The most successful distance coach of the modern era is Renato Canova, who coaches several of the leading Kenyan half marathon and marathoners. He places much less emphasis on low intensity running and greater emphasis on long tempo runs. The key sessions in his marathon program are long runs at a pace very near to marathon pace. However, Canova’s athletes almost certainly commence their training with well developed capillaries and mitochondrial enzymes, based on years of running to and from school in many instances.
The key lesson to be gleaned for figure 1 and supported by a brief review of the training programs recommended by experienced coaches is that the optimum training for an individual depends not only on the target race, but also on experience and fitness at the start of the training block. At present, I am preparing for a half-marathon, which therefore tips the balance a little towards higher intensity sessions compared with marathon training. But, I started this current training block with a less well developed aerobic system than I would have wished. So it remains unclear whether or not I have been wise to move from a predominantly low intensity program to a program including tempo runs, intervals and progressive long runs. However if my ability to handle lactate is improving, I might nonetheless be nearer to optimum race-fitness despite not yet having achieved maximal aerobic development. I am aware it is a gamble, but I think that if I am to achieve the best half marathon of which I am capable this year, this is the preferred strategy.

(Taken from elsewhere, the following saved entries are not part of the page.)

subsection \<open>Corestriction of comodules along a comonoid homomorphism\<close>

lemma left_comodule_pushforward:
  assumes e: "comonoid e epse dele" and c: "comonoid c epsc delc"
    and hom: "comonoid_hom e epse dele c epsc delc phi"
    and comod: "left_comodule e epse dele p alpha"
  shows "left_comodule c epsc delc p (mcomp (hc c phi mid) alpha)"
proof -
  from e have dele: "is_map e (tri e e) dele"
    unfolding comonoid_def by blast
  from c have epsc: "is_map c ypoly epsc" and delc: "is_map c (tri c c) delc"
    unfolding comonoid_def by blast+
  from hom have phi: "is_map e c phi"
    and counit: "meq e ypoly (mcomp epsc phi) epse"
    and comult: "meq e (tri c c) (mcomp delc phi) (mcomp (hc c phi phi) dele)"
    unfolding comonoid_hom_def by blast+
  from comod have alpha: "is_map p (tri e p) alpha"
    and alpha_counit: "meq p p (mcomp lu (mcomp (hc ypoly epse mid) alpha)) mid"
    and alpha_coassoc: "meq p (tri e (tri e p)) (mcomp (assoc e e) (mcomp (hc (tri e e) dele mid) alpha))
                                               (mcomp (hc e mid alpha) alpha)"
    unfolding left_comodule_def by blast+
  note maps = is_map_intros phi alpha dele epsc delc
  have "meq p p (mcomp lu (mcomp (hc ypoly epsc mid) (mcomp (hc c phi mid) alpha)))
                (mcomp lu (mcomp (hc ypoly (mcomp epsc phi) mid) alpha))"
    by (rule meq_sym[OF left_counit_pushforward[OF epsc phi alpha]])
  also have "meq p p \<dots> (mcomp lu (mcomp (hc ypoly epse mid) alpha))"
    by (rule meq_refl counit meq_mcomp hc_cong maps)+
  also note alpha_counit
  finally have lam_counit: "meq p p (mcomp lu (mcomp (hc ypoly epsc mid) (mcomp (hc c phi mid) alpha))) mid" .
  have merge: "meq (tri e p) (tri (tri c c) p)
      (mcomp (hc (tri c c) delc mid) (hc c phi mid)) (hc (tri c c) (mcomp delc phi) mid)"
    using hc_mcomp[OF phi delc is_map_mid[of p] is_map_mid[of p]] by simp
  have "meq p (tri c (tri c p))
          (mcomp (assoc c c) (mcomp (mcomp (hc (tri c c) delc mid) (hc c phi mid)) alpha))
          (mcomp (assoc c c) (mcomp (hc (tri c c) (mcomp delc phi) mid) alpha))"
    by (rule meq_refl merge meq_mcomp maps)+
  then have "meq p (tri c (tri c p))
          (mcomp (assoc c c) (mcomp (hc (tri c c) delc mid) (mcomp (hc c phi mid) alpha)))
          (mcomp (assoc c c) (mcomp (hc (tri c c) (mcomp delc phi) mid) alpha))"
    by simp
  also have "meq p (tri c (tri c p)) \<dots>
          (mcomp (assoc c c) (mcomp (hc (tri c c) (mcomp (hc c phi phi) dele) mid) alpha))"
    by (rule meq_refl comult meq_mcomp hc_cong maps)+
  also have "meq p (tri c (tri c p)) \<dots> (mcomp (hc c phi (mcomp (hc c phi mid) alpha)) alpha)"
    by (rule coassoc_pushforward[OF phi phi dele alpha alpha_coassoc])
  also have "meq p (tri c (tri c p)) \<dots>
          (mcomp (mcomp (hc c mid (mcomp (hc c phi mid) alpha)) (hc c phi mid)) alpha)"
    by (rule meq_refl hc_decompose meq_mcomp maps)+
  finally have lam_coassoc: "meq p (tri c (tri c p))
          (mcomp (assoc c c) (mcomp (hc (tri c c) delc mid) (mcomp (hc c phi mid) alpha)))
          (mcomp (hc c mid (mcomp (hc c phi mid) alpha)) (mcomp (hc c phi mid) alpha))"
    by simp
  show ?thesis
    unfolding left_comodule_def
    using lam_counit lam_coassoc is_map_mcomp[OF alpha is_map_hc[OF phi is_map_mid]] by blast
qed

Ewen jokingly claims to have found a bookie who is prepared to offer odds of a mansion in Forrest (the poshest suburb of Canberra) against Ewen’s garden shed on the outcome of my attempt to better my M60 HM best, achieved 6 years ago. I think these odds are not unreasonable. I have advised Ewen to make sure he removes his lawn-mower from the garden shed in advance, but I will certainly do my best to secure a mansion for him in Forrest , near to his favourite training runs around Lake Burley Griffin and not too far from Mount Ainslie.